6.3.7. Status Komplikasi Berdasarkan Keadaan Sewaktu Pulang
Proporsi status komplikasi berdasarkan keadaan sewaktu pulang penderita appendicitis rawat inap di Rumah Sakit Tembakau Deli PTP Nusantara II Medan tahun 2005-2009 dapat dilihat pada gambar berikut ini.
Gambar 6.20. Diagram Bar Distribusi Proporsi Status Komplikasi Berdasarkan Keadaan Sewaktu Pulang Penderita Appendicitis Rawat Inap di Rumah Sakit Tembakau Deli PTP Nusantara II Medan Tahun 2005-2009
Dari gambar 6.20. dapat dilihat bahwa proporsi keadaan sewaktu pulang sembuh tertinggi tidak ada komplikasi 82,6%. Proporsi tidak sembuh tertinggi tidak ada komplikasi 94,7%.
Penatalaksanaan penderita appendicitis baik tanpa komplikasi maupun dengan komplikasi adalah operasi. Bila tidak mengalami komplikasi pasien dapat dipulangkan pada hari itu juga jika daerah operasi aman sedangkan penderita yang mengalami komplikasi perlu perawatan yang intensif. Selanjutnya, perlu dilakukan kontrol untuk mengangkat jahitan dan perawatan luka untuk mencegah infeksi luka pasca operasi.44 Penatalaksanaan konservatif dilakukan untuk mencegah infeksi.

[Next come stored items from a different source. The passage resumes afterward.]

definition mink_diff :: "'a::ab_group_add set \<Rightarrow> 'a set \<Rightarrow> 'a set" where
  "mink_diff A B = {x. \<forall>b\<in>B. x + b \<in> A}"

definition mink_sum_pt :: "'a::ab_group_add \<Rightarrow> 'a set \<Rightarrow> 'a set" where
  "mink_sum_pt p E = (\<lambda>e. p + e) ` E"

text \<open>A tube trajectory: nominal state p_x, nominal input p_u, cross-section E(t) and
  the input tightening set Delta U(t).  Its tube is Omega(t) = p_x(t) + E(t).\<close>

record ('n,'m) tubetraj =
  tx :: "real \<Rightarrow> real^'n"
  tu :: "real \<Rightarrow> real^'m"
  tE :: "real \<Rightarrow> (real^'n) set"
  tdU :: "real \<Rightarrow> (real^'m) set"

definition tube :: "('n::finite,'m::finite,'z) tubetraj_scheme \<Rightarrow> real \<Rightarrow> (real^'n) set" where
  "tube p t = mink_sum_pt (tx p t) (tE p t)"

definition nominal_traj ::
  "('n::finite,'m::finite,'a::finite,'b::finite) sysdata \<Rightarrow> ((real^'a) \<times> (real^'b)) \<Rightarrow> real \<Rightarrow> real
     \<Rightarrow> (real \<Rightarrow> real^'n) \<Rightarrow> (real \<Rightarrow> real^'m) \<Rightarrow> bool" where
  "nominal_traj sy thh a b px pu \<longleftrightarrow> a \<le> b \<and>
     (\<forall>t\<in>{a..b}. (px has_vector_derivative dyn sy (px t) thh (pu t)) (at t within {a..b}))"

text \<open>Robust controlled-invariant tube trajectory on [a,b] for the parameter set Th
  (safe set S(t), input set U, goal set Gs, mission final time tf).\<close>
definition rci_tube ::
  "('n::finite,'m::finite,'a::finite,'b::finite) sysdata \<Rightarrow> ((real^'a) \<times> (real^'b)) set
    \<Rightarrow> ((real^'a) \<times> (real^'b)) \<Rightarrow> (real \<Rightarrow> (real^'n) set) \<Rightarrow> (real^'m) set \<Rightarrow> (real^'n) set
    \<Rightarrow> real \<Rightarrow> real \<Rightarrow> real \<Rightarrow> ('n,'m) tubetraj \<Rightarrow> bool" where
  "rci_tube sy Th thh S U Gs tf a b p \<longleftrightarrow>
     nominal_traj sy thh a b (tx p) (tu p) \<and>
     (\<forall>t\<in>{a..b}. compact (tE p t) \<and> 0 \<in> tE p t \<and>
        tx p t \<in> mink_diff (S t) (tE p t) \<and> tu p t \<in> mink_diff U (tdU p t)) \<and>
     (b = tf \<longrightarrow> tx p tf \<in> mink_diff Gs (tE p tf)) \<and>
     (\<exists>\<pi> :: real \<Rightarrow> real^'n \<Rightarrow> real^'m.
        \<forall>\<theta>\<in>Th. \<forall>(nd :: real \<Rightarrow> real^'n) (x :: real \<Rightarrow> real^'n).
          (\<forall>t\<in>{a..b}. nd t \<in> Nadd sy) \<longrightarrow>
          (\<forall>t\<in>{a..b}. (x has_vector_derivative
              (dyn sy (x t) \<theta> (tu p t + \<pi> t (x t)) + nd t)) (at t within {a..b})) \<longrightarrow>
          x a \<in> tube p a \<longrightarrow> (\<forall>t\<in>{a..b}. x t \<in> tube p t))"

Hasil analisa statistik menggunakan uji Chi-square dengan koreksi Yates didapat nilai p(0,303)>0,05, artinya tidak ada perbedaan proporsi yang bermakna antara status komplikasi berdasarkan keadaan sewaktu pulang.
6.3.8. Penatalaksanaan Medis Berdasarkan Keadaan Sewaktu Pulang
Proporsi penatalaksanaan medis berdasarkan keadaan sewaktu pulang penderita appendicitis rawat inap di Rumah Sakit Tembakau Deli PTP Nusantara II Medan tahun 2005-2009 dapat dilihat pada gambar berikut ini.
Gambar 6.21. Diagram Bar Distribusi Proporsi Penatalaksanaan Medis Berdasarkan Keadaan Sewaktu Pulang Penderita Appendicitis Rawat Inap di Rumah Sakit Tembakau Deli PTP Nusantara II Medan Tahun 2005-2009
Hasil analisa statistik menggunakan uji Chi-square dengan koreksi Yates didapat nilai p(0,000)<0,05, artinya ada perbedaan proporsi yang bermakna antara penatalaksanaan medis berdasarkan keadaan sewaktu pulang. Pulang sembuh semuanya dilakukan penatalaksanaan operasi.
Bila diagnosa klinis sudah jelas maka tindakan paling tepat adalah apendektomi. Penundaan operasi dengan pemberian antibiotik dapat menyebabkan komplikasi dan appendicitis rekurens.24 Penatalaksanaan konservatif dilakukan pada penderita appendicitis yang tidak bersedia untuk dioperasi. Semua penderita penatalaksanaan konservatif pulang atas permintaan sendiri.